Die ALAN KURDI

Einsatzzeitraum: 2018-2021

Nachdem unter politischem Druck im Sommer 2018 unseren bisherigen Rettungsschiffen die niederländische Flagge entzogen worden war, erfolgte ein wegweisender Schritt nach vorne. Im folgenden Herbst erwarben wir das 38 m lange ehemalige Forschungsschiff PROFESSOR ALBRECHT PENCK (Baujahr 1951) in Stralsund und entsendeten es im Dezember 2018 als Rettungsschiff ins Mittelmeer.

Denn auch wenn die Europäische Union die Augen vor der katastrophalen Menschenrechtslage im Mittelmeer verschloss, wir sahen immer noch die zahlreichen Seenotfälle und Todesopfer an Europas Grenzen.

  • ALAN KURDI im Mittelmeer
  • Gerettete Familie auf der ALAN KURDI

Ein halbes Jahr nachdem uns aus politischen Gründen der Betrieb unserer bisherigen Rettungsschiffe unmöglich gemacht wurde, rettete unser neues Schiff kurz nach Weihnachten 2018 wieder Menschen aus einem überladenen Fischerboot.

In 2018 bekämpfte die europäische Politik in noch nie dagewesenem Maße die zivile Seenotrettung, die Menschenrechte im Mittelmeer und damit auch sich selbst. Anstatt über Menschenrechte und Gleichheit diskutierte Europa über Flaggen und Schiffszulassungen.

Anfang 2019 beschloss Sea-Eye, ein Zeichen zu setzen und die europäische Politik und die Öffentlichkeit daran zu erinnern, was die Abschottungspolitik der Europäischen Union für jeden einzelnen Toten und seine Angehörigen bedeutet. Dafür erinnerte Sea-Eye an ein Einzelschicksal, das stellvertretend für die vielen Schicksale auf dem Mittelmeer steht – an das der Familie Kurdi.

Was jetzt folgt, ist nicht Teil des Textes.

(* In the setting of the context, with $S(t)=\tilde S e^{(\beta/\gamma)\tilde R}\varphi^{-1}(t)$ and $S(\infty):=\lim_{t\to\infty}S(t)$, the following relation holds: \[ S(\infty)=\tilde S+\tilde E+\tilde I+\frac{\gamma}{\beta}\log\frac{S(\infty)}{\tilde S}. \]
   Context: Let $\beta,\gamma,\delta>0$ be constants and $\tilde S,\tilde E,\tilde I,\tilde R$ real numbers with $N:=\tilde S+\tilde E+\tilde I+\tilde R>0$. Standing assumptions: (A1) $\tilde I>0$; (A2) $\tilde E>(\gamma/\delta)\tilde I$; (A3) $\tilde S>\delta\tilde E/(\beta\tilde I)$; (A4) $\tilde R\ge 0$ and $N>\tilde S e^{(\beta/\gamma)\tilde R}+\tilde R$. Let $\alpha$ be the unique solution in $(\tilde R,N)$ of $x=N-\tilde S e^{(\beta/\gamma)\tilde R}e^{-(\beta/\gamma)x}$, and assume (A5) $\tilde S<(\gamma/\beta)e^{(\beta/\gamma)(\alpha-\tilde R)}$. Put $u_0:=e^{-(\beta/\gamma)\tilde R}$, $u_\infty:=e^{-(\beta/\gamma)\alpha}$. Let $\psi$ be the unique function, continuous and positive on $(u_\infty,u_0]$ and $C^1$ on $(u_\infty,u_0)$, satisfying $\psi'(u)\psi(u)-\frac{\gamma+\delta}{u}\psi(u)=-\delta\,\frac{\beta N-\beta\tilde S e^{(\beta/\gamma)\tilde R}u+\gamma\log u}{u}$ on $(u_\infty,u_0)$ and $\psi(u_0)=\beta\tilde I$. Let $\varphi(u):=\int_u^{u_0}\frac{d\xi}{\xi\psi(\xi)}$; $\varphi$ is a strictly decreasing continuous bijection from $(u_\infty,u_0]$ onto $[0,\infty)$, with inverse $\varphi^{-1}:[0,\infty)\to(u_\infty,u_0]$. *)

theory Defs
  imports "HOL-Analysis.Analysis"
begin

end

theory Submission
  imports Defs
begin

(* Put K = St e^((\<beta>/\<gamma>) Rt). The barrier f u = \<beta>N - \<beta>K u + \<gamma> ln u vanishes at uinf (this is the
   equation defining \<alpha>) and exceeds \<psi> u0 = \<beta> It at u0. Wherever \<psi> \<ge> f, the ODE gives
   \<psi>' \<ge> \<gamma>/u > f', so \<psi> stays below f on (uinf, u0]; concavity of ln then gives
   \<psi> u < (\<gamma>/uinf)(u - uinf). Hence 1/(\<xi> \<psi> \<xi>) is not integrable at uinf, \<phi> maps (uinf, u0]
   onto [0, \<infinity>), and \<phi>^-1 t tends to uinf. So S(\<infinity>) = K uinf = N - \<alpha>, and the equation defining
   \<alpha> turns into the claimed relation. *)

lemma positive_if_DERIV_neg_where_nonpos:
  fixes g :: "real \<Rightarrow> real"
  assumes cont: "continuous_on {a<..b} g" and pos_b: "g b > 0"
    and deriv_neg: "\<And>x. x \<in> {a<..<b} \<Longrightarrow> g x \<le> 0 \<Longrightarrow> \<exists>D<0. (g has_real_derivative D) (at x)"
    and x: "x \<in> {a<..b}"
  shows "g x > 0"
proof (rule ccontr)
  assume "\<not> g x > 0"
  define Z where "Z = {v \<in> {x..b}. g v \<le> 0}"
  have "continuous_on {x..b} g"
    by (rule continuous_on_subset[OF cont]) (use x in auto)
  then have "closed Z"
    unfolding Z_def by (intro continuous_on_closed_Collect_le continuous_intros) auto
  moreover have "x \<in> Z" and "bdd_above Z"
    using \<open>\<not> g x > 0\<close> x unfolding Z_def by (auto intro: bdd_aboveI[of _ b])
  ultimately have "Sup Z \<in> Z"
    using closed_contains_Sup by blast
  define z where "z = Sup Z"
  have "z \<in> {a<..<b}" and "g z \<le> 0"
    using \<open>Sup Z \<in> Z\<close> pos_b x unfolding z_def Z_def by (auto simp: order.order_iff_strict)
  have above_pos: "g v > 0" if "z < v" "v \<le> b" for v
    using cSup_upper[OF _ \<open>bdd_above Z\<close>, of v] that \<open>z \<in> {a<..<b}\<close> \<open>Sup Z \<in> Z\<close>
    unfolding z_def Z_def by force
  obtain D where "D < 0" and "(g has_real_derivative D) (at z)"
    using deriv_neg[OF \<open>z \<in> {a<..<b}\<close> \<open>g z \<le> 0\<close>] by blast
  then obtain d where "d > 0" and d: "\<And>h. h > 0 \<Longrightarrow> h < d \<Longrightarrow> g (z + h) < g z"
    using DERIV_neg_dec_right by blast
  define h where "h = min (d / 2) (b - z)"
  have "h > 0" "h < d" "z + h \<le> b"
    using \<open>d > 0\<close> \<open>z \<in> {a<..<b}\<close> unfolding h_def by auto
  then show False
    using d above_pos[of "z + h"] \<open>g z \<le> 0\<close> by fastforce
qed

lemma ode_solution_below_barrier:
  fixes \<psi> f f' :: "real \<Rightarrow> real"
  assumes "0 \<le> a" "\<delta> \<ge> 0"
    and psi_cont: "continuous_on {a<..b} \<psi>"
    and psi_pos: "\<forall>u\<in>{a<..b}. \<psi> u > 0"
    and psi_diff: "\<forall>u\<in>{a<..<b}. \<psi> differentiable (at u)"
    and ode: "\<forall>u\<in>{a<..<b}. deriv \<psi> u * \<psi> u - (\<gamma> + \<delta>) / u * \<psi> u = - \<delta> * f u / u"
    and f_deriv: "\<And>u. u \<in> {a<..b} \<Longrightarrow> (f has_real_derivative f' u) (at u)"
    and f'_less: "\<And>u. u \<in> {a<..<b} \<Longrightarrow> f' u < \<gamma> / u"
    and "\<psi> b < f b" and u: "u \<in> {a<..b}"
  shows "\<psi> u < f u"
proof -
  have "continuous_on {a<..b} f"
    using f_deriv by (meson DERIV_isCont continuous_at_imp_continuous_on)
  then have "continuous_on {a<..b} (\<lambda>v. f v - \<psi> v)"
    using psi_cont by (rule continuous_on_diff)
  moreover have "\<exists>D<0. ((\<lambda>v. f v - \<psi> v) has_real_derivative D) (at v)"
    if v: "v \<in> {a<..<b}" and "f v - \<psi> v \<le> 0" for v
  proof -
    have "v > 0" "\<psi> v > 0"
      using v \<open>0 \<le> a\<close> psi_pos by auto
    have "(deriv \<psi> v * \<psi> v - (\<gamma> + \<delta>) / v * \<psi> v) * v = - \<delta> * f v"
      using bspec[OF ode v] \<open>v > 0\<close> by simp
    then have "deriv \<psi> v * \<psi> v * v = (\<gamma> + \<delta>) * \<psi> v - \<delta> * f v"
      using \<open>v > 0\<close> by (simp add: left_diff_distrib)
    also have "\<dots> \<ge> \<gamma> * \<psi> v"
      using \<open>f v - \<psi> v \<le> 0\<close> \<open>\<delta> \<ge> 0\<close> by (simp add: algebra_simps mult_left_mono)
    finally have "deriv \<psi> v \<ge> \<gamma> / v"
      using \<open>v > 0\<close> \<open>\<psi> v > 0\<close> by (simp add: field_simps)
    then have "f' v - deriv \<psi> v < 0"
      using f'_less[OF v] by simp
    moreover have "((\<lambda>v. f v - \<psi> v) has_real_derivative f' v - deriv \<psi> v) (at v)"
      using f_deriv psi_diff v by (auto intro!: DERIV_diff simp: DERIV_deriv_iff_real_differentiable)
    ultimately show ?thesis
      by blast
  qed
  ultimately have "f u - \<psi> u > 0"
    using positive_if_DERIV_neg_where_nonpos[of a b "\<lambda>v. f v - \<psi> v"] \<open>\<psi> b < f b\<close> u by auto
  then show ?thesis
    by simp
qed

lemma seir_psi_lt_linear:
  fixes \<psi> :: "real \<Rightarrow> real"
  assumes "\<beta> > 0" "\<gamma> > 0" "\<delta> > 0" "K > 0"
    and a_def: "a = exp (- (\<beta> / \<gamma>) * \<alpha>)" and Ka: "K * a = N - \<alpha>"
    and psi_cont: "continuous_on {a<..b} \<psi>"
    and psi_pos: "\<forall>u\<in>{a<..b}. \<psi> u > 0"
    and psi_diff: "\<forall>u\<in>{a<..<b}. \<psi> differentiable (at u)"
    and ode: "\<forall>u\<in>{a<..<b}. deriv \<psi> u * \<psi> u - (\<gamma> + \<delta>) / u * \<psi> u
      = - \<delta> * (\<beta> * N - \<beta> * K * u + \<gamma> * ln u) / u"
    and psi_b: "\<psi> b < \<beta> * N - \<beta> * K * b + \<gamma> * ln b"
    and u: "u \<in> {a<..b}"
  shows "\<psi> u < \<gamma> / a * (u - a)"
proof -
  have "a > 0"
    unfolding a_def by simp
  have "\<gamma> * ln a = - \<beta> * \<alpha>"
    using \<open>\<gamma> > 0\<close> unfolding a_def by simp
  then have root: "\<beta> * N - \<beta> * K * a + \<gamma> * ln a = 0"
    using Ka by (simp add: mult.assoc right_diff_distrib)
  have f_deriv: "((\<lambda>u. \<beta> * N - \<beta> * K * u + \<gamma> * ln u) has_real_derivative - \<beta> * K + \<gamma> / v) (at v)"
    if "v > 0" for v
    using that by (auto intro!: derivative_eq_intros)
  have "\<psi> u < \<beta> * N - \<beta> * K * u + \<gamma> * ln u"
    by (rule ode_solution_below_barrier[OF _ _ psi_cont psi_pos psi_diff ode,
          where f' = "\<lambda>v. - \<beta> * K + \<gamma> / v"])
      (use f_deriv \<open>a > 0\<close> \<open>\<delta> > 0\<close> \<open>\<beta> > 0\<close> \<open>K > 0\<close> psi_b u in auto)
  also have "\<dots> = - \<beta> * K * (u - a) + \<gamma> * (ln u - ln a)"
    using root by (simp add: algebra_simps)
  also have "\<dots> \<le> \<gamma> * ((u - a) / a)"
  proof -
    have "\<gamma> * (ln u - ln a) \<le> \<gamma> * ((u - a) / a)"
      using ln_diff_le[of u a] u \<open>a > 0\<close> \<open>\<gamma> > 0\<close> by (intro mult_left_mono) auto
    moreover have "0 \<le> \<beta> * K * (u - a)"
      using u \<open>\<beta> > 0\<close> \<open>K > 0\<close> by simp
    ultimately show ?thesis
      by linarith
  qed
  finally show ?thesis
    by simp
qed

lemma integral_ge_ln_if_ge_inverse:
  fixes h :: "real \<Rightarrow> real"
  assumes "a < u" "u \<le> v" and h_cont: "continuous_on {u..v} h"
    and h_ge: "\<And>\<xi>. \<xi> \<in> {u..v} \<Longrightarrow> c / (\<xi> - a) \<le> h \<xi>"
  shows "c * (ln (v - a) - ln (u - a)) \<le> integral {u..v} h"
proof -
  have "((\<lambda>\<xi>. c * ln (\<xi> - a)) has_real_derivative c / (\<xi> - a)) (at \<xi> within {u..v})"
    if "\<xi> \<in> {u..v}" for \<xi>
    using that \<open>a < u\<close> by (auto intro!: derivative_eq_intros)
  then have "((\<lambda>\<xi>. c / (\<xi> - a)) has_integral c * ln (v - a) - c * ln (u - a)) {u..v}"
    using \<open>u \<le> v\<close> by (intro fundamental_theorem_of_calculus)
      (auto simp: has_real_derivative_iff_has_vector_derivative)
  moreover have "(h has_integral integral {u..v} h) {u..v}"
    using h_cont by (simp add: integrable_continuous_interval integrable_integral)
  ultimately have "c * ln (v - a) - c * ln (u - a) \<le> integral {u..v} h"
    by (rule has_integral_le) (use h_ge in auto)
  then show ?thesis
    by (simp add: right_diff_distrib)
qed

2015 floh Abdullah Kurdi mit seiner Frau Rehanna Kurdi und seinen beiden Söhnen Ghalib und Alan zusammen mit anderen Flüchtenden aus der Türkei. Ihr Ziel war Griechenland, denn sie hofften in der Europäischen Union Sicherheit und Schutz zu finden. Als ihr Boot sank, ertrank fast die gesamte Familie. Nur der Vater überlebte.

Eine Reporterin fand die Leiche des jungen Alan, mit einem roten T-Shirt und einer blauen Hose bekleidet, mit dem Gesicht im Sand an einem türkischen Strand. Das Foto des kleinen Alan ging um die Welt, zeigte es doch an einem Einzelschicksal, was die Abschottungspolitik für Flüchtende bedeutet.

  • Schnellboot der ALAN KURDI im Mittelmeer
  • Rettungsschiff ALAN KURDI im Mittelmeer

Am 10. Februar 2019 taufte Abdullah Kurdi das Rettungsschiff im Hafen von Palma de Mallorca auf den Namen seines jüngsten Sohnes. Der Schiffsname erinnerte daran, was wirklich zählt: Menschenleben retten

Gleichzeitig forderte dieser Name aber auch von den europäischen Staaten, ihre Abschottungspolitik aufzugeben und die Menschenrechte der Flüchtenden ohne Einschränkungen zu schützen.

Im Juli 2021 musste Sea-Eye schweren Herzens den Betrieb der ALAN KURDI einstellen und sich von diesem besonderen Rettungsschiff trennen. Da die andauernden Festsetzungen der Rettungsschiffe in Italien Sea-Eye finanziell stark belasteten, musste die ALAN KURDI verkauft werden. Seitdem konzentriert sich Sea-Eye vollständig auf die Rettungseinsätze mit der SEA-EYE 4.

Die ALAN KURDI konnte in 12 Einsätzen 927 Menschen aus Seenot retten. Die italienische Organisation RESQ wird die Rettungseinsätze unter neuem Schiffsnamen „RESQ PEOPLE“ fortsetzen.